##### Material to process

section \<open>The commutation relation\<close>

lemma pow_mat_commutation:
  fixes Z X :: "'a::comm_ring_1 mat"
  assumes Z: "Z \<in> carrier_mat d d" and X: "X \<in> carrier_mat d d" and ZX: "Z * X = q \<cdot>\<^sub>m (X * Z)"
  shows "Z ^\<^sub>m k * X = q ^ k \<cdot>\<^sub>m (X * Z ^\<^sub>m k)"
proof (induction k)
  case 0
  then show ?case using X Z by (intro eq_matI) auto
next
  case (Suc k)
  have Zk: "Z ^\<^sub>m k \<in> carrier_mat d d" using Z by simp
  have "Z ^\<^sub>m Suc k * X = Z ^\<^sub>m k * (q \<cdot>\<^sub>m (X * Z))"
    using assoc_mult_mat[OF Zk Z X] ZX by simp
  also have "\<dots> = q \<cdot>\<^sub>m ((Z ^\<^sub>m k * X) * Z)"
    using mult_smult_distrib[OF Zk mult_carrier_mat[OF X Z]] assoc_mult_mat[OF Zk X Z] by simp
  also have "\<dots> = q \<cdot>\<^sub>m (q ^ k \<cdot>\<^sub>m (X * Z ^\<^sub>m Suc k))"
    unfolding Suc
    using mult_smult_assoc_mat[OF mult_carrier_mat[OF X Zk] Z] assoc_mult_mat[OF X Zk Z] by simp
  also have "\<dots> = q ^ Suc k \<cdot>\<^sub>m (X * Z ^\<^sub>m Suc k)" by (intro eq_matI) auto
  finally show ?case .
qed

lemma eigenvector_shift:
  fixes Z X :: "'k::field mat"
  assumes Z: "Z \<in> carrier_mat d d" and X: "X \<in> carrier_mat d d" and ZX: "Z * X = q \<cdot>\<^sub>m (X * Z)"
    and v: "v \<in> carrier_vec d" and Zv: "Z *\<^sub>v v = c \<cdot>\<^sub>v v"
  shows "Z *\<^sub>v (X *\<^sub>v v) = (c * q) \<cdot>\<^sub>v (X *\<^sub>v v)"
proof -
  have "Z *\<^sub>v (X *\<^sub>v v) = (q \<cdot>\<^sub>m (X * Z)) *\<^sub>v v" using Z X v ZX by (simp flip: assoc_mult_mat_vec)
  also have "\<dots> = q \<cdot>\<^sub>v (X *\<^sub>v (c \<cdot>\<^sub>v v))"
    using Z X v Zv smult_mat_mult_vec[of "X * Z" d d v q] by simp
  also have "\<dots> = (c * q) \<cdot>\<^sub>v (X *\<^sub>v v)"
    using X v by (simp add: mult_mat_vec smult_smult_assoc mult.commute)
  finally show ?thesis .
qed

lemma transpose_commutation:
  fixes Z X :: "'k::field mat"
  assumes Z: "Z \<in> carrier_mat d d" and X: "X \<in> carrier_mat d d"
    and ZX: "Z * X = q \<cdot>\<^sub>m (X * Z)" and q: "q \<noteq> 0"
  shows "transpose_mat Z * transpose_mat X = inverse q \<cdot>\<^sub>m (transpose_mat X * transpose_mat Z)"
proof -
  have "transpose_mat X * transpose_mat Z = q \<cdot>\<^sub>m (transpose_mat Z * transpose_mat X)"
    using arg_cong[OF ZX, of transpose_mat] X Z
    by (simp add: transpose_mult[of _ d d _ d] transpose_smult_mat)
  then show ?thesis using q X Z by (intro eq_matI) auto
qed
(* Let $G$ be the $n\times n$ real matrix with entries $G_{ij}=\frac1p\,\sigma^{\,i+j}(x)$ for $0\le i,j\le n-1$ (exponents of $\sigma$ may be read modulo $n$, since $\sigma^n(x)=x$). Then $G$ is orthogonal: $GG^T=G^TG=I_n$.
   Context: Let $n>1$ be an odd integer and $p$ a prime with $p\equiv 1 \pmod n$. Let $\zeta_p=e^{2\pi i/p}$, let $r$ be a primitive root modulo $p$, and let $\sigma$ be the automorphism of $\mathbb{Q}(\zeta_p)$ with $\sigma(\zeta_p)=\zeta_p^r$. Let $\mathbb{K}=\{y\in\mathbb{Q}(\zeta_p):\sigma^n(y)=y\}$; it is a totally real field of degree $n$, contained in $\mathbb{R}$ via $\mathbb{Q}(\zeta_p)\subset\mathbb{C}$, and its embeddings into $\mathbb{R}$ are the restrictions of $\sigma^0,\dots,\sigma^{n-1}$. Let $\alpha=\prod_{j=0}^{(p-3)/2}(1-\zeta_p^{r^j})$, let $\lambda$ be an integer with $\lambda(r-1)\equiv1\pmod p$, let $z=\zeta_p^{\lambda}\alpha(1-\zeta_p)$, and let $x=\mathrm{Tr}_{\mathbb{Q}(\zeta_p)/\mathbb{K}}(z)=\sum_{j=1}^{(p-1)/n}\sigma^{jn}(z)\in\mathcal{O}_\mathbb{K}$. *)

theory Defs
  imports "HOL-Analysis.Analysis" "HOL-Number_Theory.Number_Theory"
begin

definition zeta :: "nat \<Rightarrow> complex" where
  "zeta p = cis (2 * pi / real p)"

##########

> **What the task requires**: Above are the records. Copy every line in them holding "intro".

> **Task solution**:
  then show ?case using X Z by (intro eq_matI) auto
  also have "\<dots> = q ^ Suc k \<cdot>\<^sub>m (X * Z ^\<^sub>m Suc k)" by (intro eq_matI) auto
  then show ?thesis using q X Z by (intro eq_matI) auto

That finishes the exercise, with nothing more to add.